** Opening Material for this exercise block **
lemma scaled_displacement_solution:
  fixes Psi :: "'a::euclidean_space \<Rightarrow> 'a"
  assumes deriv: "(Psi has_derivative L) (at p)" and "inj L" and "Psi p = 0"
    and cont: "continuous_on (cball p d) Psi" and "d > 0" and "e > 0"
  obtains lam x where "0 < lam" "lam < e" "x \<in> cball p d" "Psi x = lam *\<^sub>R (x - y)"
proof -
  have linL: "linear L" using has_derivative_linear[OF deriv] .
  obtain g where ling: "linear g" and gL: "g \<circ> L = id"
    using linear_injective_left_inverse[OF linL \<open>inj L\<close>] by blast
  have "((g \<circ> Psi) has_derivative (g \<circ> L)) (at p)"
    using deriv ling by (intro diff_chain_at) (simp_all add: linear_imp_has_derivative)
  then obtain d1 where "d1 > 0" and d1:
    "\<And>x. norm (x - p) < d1 \<Longrightarrow> norm (g (Psi x) - (x - p)) \<le> 1/2 * norm (x - p)"
    using \<open>Psi p = 0\<close> linear_0[OF ling] gL
    unfolding has_derivative_at_alt by (auto dest!: spec[of _ "1/2"])
  obtain B where B: "B > 0" "\<And>z. norm (g z) \<le> B * norm z"
    using linear_bounded_pos[OF ling] by blast
  define r where "r = min d d1 / 2"
  have r: "0 < r" "r \<le> d" "r < d1" using \<open>d > 0\<close> \<open>d1 > 0\<close> by (auto simp: r_def)
  define C where "C = B * (r + norm (p - y))"
  have "C > 0" using B(1) r(1) by (simp add: C_def add_pos_nonneg)
  define lam where "lam = min (e / 2) (r / (2 * C))"
  have lam: "0 < lam" "lam < e" "lam * C \<le> r / 2"
    using \<open>e > 0\<close> r(1) \<open>C > 0\<close> by (auto simp: lam_def min_def field_simps)
  (* Zeros of F are the solutions.  As g \<circ> Psi is the identity to first order at p, the map
     x \<mapsto> x - F x sends cball p r into itself once lam is small enough. *)
  define F where "F x = g (Psi x - lam *\<^sub>R (x - y))" for x
  have "x - F x \<in> cball p r" if "x \<in> cball p r" for x
  proof -
    have xp: "norm (x - p) \<le> r" using that by (simp add: dist_norm norm_minus_commute)
    have "norm (g (Psi x) - (x - p)) \<le> r / 2" using d1[of x] xp r(3) by simp
    moreover have "norm (lam *\<^sub>R g (x - y)) \<le> r / 2"
    proof -
      have "norm (x - y) \<le> r + norm (p - y)"
        using norm_triangle_ineq[of "x - p" "p - y"] xp by simp
      then have "norm (g (x - y)) \<le> C"
        unfolding C_def using B by (meson mult_left_mono order_trans less_imp_le)
      then have "norm (lam *\<^sub>R g (x - y)) \<le> lam * C" using lam(1) by simp
      then show ?thesis using lam(3) by linarith
    qed
    moreover have "dist p (x - F x) = norm ((g (Psi x) - (x - p)) - lam *\<^sub>R g (x - y))"
      by (simp add: dist_norm F_def linear_diff[OF ling] linear_add[OF ling] linear_scale[OF ling] algebra_simps)
    ultimately show ?thesis
      using norm_triangle_ineq4[of "g (Psi x) - (x - p)" "lam *\<^sub>R g (x - y)"]
      unfolding mem_cball by linarith
  qed
  moreover have "continuous_on (cball p r) F"
  proof -
    have contPsi: "continuous_on (cball p r) Psi"
      using cont by (rule continuous_on_subset) (use r(2) in auto)
    have contg: "continuous_on UNIV g"
      using ling by (simp add: linear_continuous_on linear_conv_bounded_linear)
    show ?thesis
      unfolding F_def by (intro continuous_intros contPsi continuous_on_compose2[OF contg]) auto
  qed
  ultimately obtain x where x: "x \<in> cball p r" and "F x = 0"
    using brouwer_zero_cball r(1) by (metis less_imp_le)
  moreover have "L (g z) = z" for z
    using linear_inverse_left[OF ling linL] gL by (simp add: fun_eq_iff)
  ultimately have "Psi x = lam *\<^sub>R (x - y)"
    using linear_0[OF linL] by (metis F_def eq_iff_diff_eq_0)
  moreover have "x \<in> cball p d" using x r(2) by auto
  ultimately show ?thesis using that lam by blast
qed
** Closing Material for this exercise block **
Copy, please, every line from the start of the entries down to the line that holds "add: C_def add_pos_nonneg)", with both of those lines included and no others.

Your response:
lemma scaled_displacement_solution:
  fixes Psi :: "'a::euclidean_space \<Rightarrow> 'a"
  assumes deriv: "(Psi has_derivative L) (at p)" and "inj L" and "Psi p = 0"
    and cont: "continuous_on (cball p d) Psi" and "d > 0" and "e > 0"
  obtains lam x where "0 < lam" "lam < e" "x \<in> cball p d" "Psi x = lam *\<^sub>R (x - y)"
proof -
  have linL: "linear L" using has_derivative_linear[OF deriv] .
  obtain g where ling: "linear g" and gL: "g \<circ> L = id"
    using linear_injective_left_inverse[OF linL \<open>inj L\<close>] by blast
  have "((g \<circ> Psi) has_derivative (g \<circ> L)) (at p)"
    using deriv ling by (intro diff_chain_at) (simp_all add: linear_imp_has_derivative)
  then obtain d1 where "d1 > 0" and d1:
    "\<And>x. norm (x - p) < d1 \<Longrightarrow> norm (g (Psi x) - (x - p)) \<le> 1/2 * norm (x - p)"
    using \<open>Psi p = 0\<close> linear_0[OF ling] gL
    unfolding has_derivative_at_alt by (auto dest!: spec[of _ "1/2"])
  obtain B where B: "B > 0" "\<And>z. norm (g z) \<le> B * norm z"
    using linear_bounded_pos[OF ling] by blast
  define r where "r = min d d1 / 2"
  have r: "0 < r" "r \<le> d" "r < d1" using \<open>d > 0\<close> \<open>d1 > 0\<close> by (auto simp: r_def)
  define C where "C = B * (r + norm (p - y))"
  have "C > 0" using B(1) r(1) by (simp add: C_def add_pos_nonneg)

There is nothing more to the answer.